Intip Substansi RUU Cipta Kerja yang Sudah Disepakati
- ANTARA FOTO/Adeng Bustomi
VIVA – Pemerintah mengakui “obesitas” perizinan berusaha selama ini merupakan bagian dari “lemak-lemak” ekonomi yang harus segera diperbaiki. Oleh karena itu diperlukan pemangkasan regulasi untuk mendorong percepatan pemulihan ekonomi Indonesia.
Cara utamanya adalah dengan Rancangan Undang-Undang Cipta Kerja, yang menggunakan omnibus law sebagai metode dalam penyusunannya. Beberapa substansi yang ada di RUU itu telah disepakati DPR.
Staf Ahli Bidang Regulasi, Penegakan Hukum, dan Ketahanan Ekonomi Kementerian Koordinator Bidang Perekonomian Elen Setiadi mengungkapkan “lemak-lemak” ekonomi yang akan dituntaskan.
"Kita anggap sebagai lemak-lemak ekonomi itu misalnya menyangkut obesitas regulasi, ada daya saing kita yang masih belum baik, masalah ketenagakerjaan, masalah perizinan dan kemudahan berusaha, UMKM, koperasi dan kepastian hukum," kata dia secara virtual, Kamis, 24 September 2020.
Ellen pun mengungkapkan, beberapa substansi RUU tersebut yang telah disepakati bersama dengan panitia kerja (panja) badan legislasi DPR, di antaranya kesesuaian tata ruang hingga persetujuan lingkungan.
Kemudian, terkait persetujuan bangunan gedung dan sertifikat laik fungsi dan penerapan perizinan berbasis risiko. Risiko rendah hanya dengan pendaftaran, dan risiko menengah dengan pemenuhan standar.
Baca juga: Siap-siap, Tahun Depan Ada 60 Lagi Kamera Awasi Pengendara di Jakarta
"Yang izin berbasiskan risikonya tinggi, kalau risikonya menengah hanya dengan pemenuhan standar yang rendah seperti UMKM misalnya, cukup dengan pendaftaran nanti melalui sistem OSS. Dia dapat memberikan NIB dengan demikian sudah teregister dan mendapatkan semacam perizinan," kata Elen.
Adapun yang terkait UMKM dan koperasi adalah kemudahan, perlindungan dan pemberdayaan. Kemudian terkait riset dan inovasi serta terkait tindak lanjut putusan WTO atas penyelesaian sengketa.

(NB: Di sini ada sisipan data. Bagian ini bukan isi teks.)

lemma remainder_column_window:
  assumes \<beta>: "\<beta> + r \<le> n"
  shows "full_row_rank (\<lambda>i j. of_bool (air m n (q * n + i) j)) {..<r} {\<beta>..<\<beta> + r}"
proof (cases "\<beta> + r \<le> q' * r")
  case True
  show ?thesis
  proof (rule full_row_rank_permutation_cols[OF _ bij_betw_mod_interval[OF rem_pos]])
    fix t c assume "t \<in> {..<r}" "c \<in> {\<beta>..<\<beta> + r}"
    then show "of_bool (air m n (q * n + t) c) = of_bool (t = c mod r)"
      using remainder_part[of t c] True \<beta> by auto
  qed simp
next
  case False
  \<comment> \<open>the window straddles the last identity block and the recursive block\<close>
  obtain Q where Q: "q' = Q + 1" using q'_pos by (metis Suc_eq_plus1 gr0_implies_Suc)
  define \<gamma> where "\<gamma> = q' * r - \<beta>"
  have b1: "\<beta> < q' * r" using \<beta> n_eq r'_less_r by linarith
  have b2: "Q * r < \<beta>" using False Q by (simp add: algebra_simps)
  have \<gamma>: "r - \<gamma> \<le> r'" using \<beta> n_eq b1 by (simp add: \<gamma>_def)
  have img: "(\<lambda>i. i + q' * r) ` {..<r - \<gamma>} = {q' * r..<\<beta> + r}"
    using b1 False by (simp add: \<gamma>_def lessThan_atLeast0 add.commute)
  have "full_row_rank (\<lambda>i j. of_bool (air m n (q * n + i) j)) ({..<r - \<gamma>} \<union> {r - \<gamma>..<r}) {\<beta>..<\<beta> + r}"
  proof (rule full_row_rank_unit_rows[where \<phi> = "\<lambda>i. i + q' * r"])
    show "(\<lambda>i. i + q' * r) ` {..<r - \<gamma>} \<subseteq> {\<beta>..<\<beta> + r}" using img b1 by auto
  next
    fix t c assume t: "t \<in> {..<r - \<gamma>}" and c: "c \<in> {\<beta>..<\<beta> + r}"
    show "of_bool (air m n (q * n + t) c) = of_bool (c = t + q' * r)"
    proof (cases "c < q' * r")
      case True
      have "c mod r = c - Q * r" using mod_eq_diff_mult[of Q r c] True b2 c Q by (simp add: algebra_simps)
      then have "r - \<gamma> \<le> c mod r" using c Q b1 b2 by (simp add: \<gamma>_def algebra_simps, linarith)
      then show ?thesis using remainder_part[of t c] True t c \<beta> by auto
    next
      case False
      then show ?thesis using recursive_block_top_rows[of t c] t c \<gamma> \<beta> by auto
    qed
  next
    have "full_row_rank (\<lambda>i j. of_bool (air m n (q * n + i) j)) {r - \<gamma>..<r} {\<beta>..<q' * r}"
    proof (rule full_row_rank_permutation_cols[where \<psi> = "\<lambda>c. c - Q * r"])
      have "\<beta> - Q * r = r - \<gamma>" "q' * r - Q * r = r" using Q b1 b2 by (auto simp: \<gamma>_def algebra_simps)
      then show "bij_betw (\<lambda>c. c - Q * r) {\<beta>..<q' * r} {r - \<gamma>..<r}"
        using bij_betw_diff_const[of "Q * r" \<beta> "q' * r"] b2 by simp
    next
      fix t c assume t: "t \<in> {r - \<gamma>..<r}" and c: "c \<in> {\<beta>..<q' * r}"
      have "c mod r = c - Q * r" using mod_eq_diff_mult[of Q r c] c b2 Q by (simp add: algebra_simps)
      then show "of_bool (air m n (q * n + t) c) = of_bool (t = c - Q * r)"
        using remainder_part[of t c] t c b1 n_eq by auto
    qed simp
    moreover have "{\<beta>..<\<beta> + r} - (\<lambda>i. i + q' * r) ` {..<r - \<gamma>} = {\<beta>..<q' * r}"
      using img b1 False by auto
    ultimately show "full_row_rank (\<lambda>i j. of_bool (air m n (q * n + i) j)) {r - \<gamma>..<r}
        ({\<beta>..<\<beta> + r} - (\<lambda>i. i + q' * r) ` {..<r - \<gamma>})"
      by simp
  qed (auto simp: inj_on_def)
  moreover have "{..<r - \<gamma>} \<union> {r - \<gamma>..<r} = {..<r}" by auto
  ultimately show ?thesis by simp
qed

Sementara itu, terkait penataan kewenangan perizinan berusaha antara pemerintah pusat dan daerah juga telah disepakati. Pemerintah, dikatakannya, tidak mengambil alih kewenangan pemerintah daerah.
"Kita tidak mengambil alih kewenangan di Pemda yang kita lakukan adalah kita menerapkan standar dalam bentuk NSPK (Norma, Standar, Prosedur dan Kriteria) dan standar ini berlaku nasional dengan demikian tidak lagi ada perbedaan antara satu daerah dengan daerah lain," ujarnya.
Dengan begitu, disepakati juga bahwa pemerintah pusat dapat mengambil alih perizinan berusaha dalam hal pemerintah daerah tidak melaksanakan atau tidak sesuai dengan NSPK.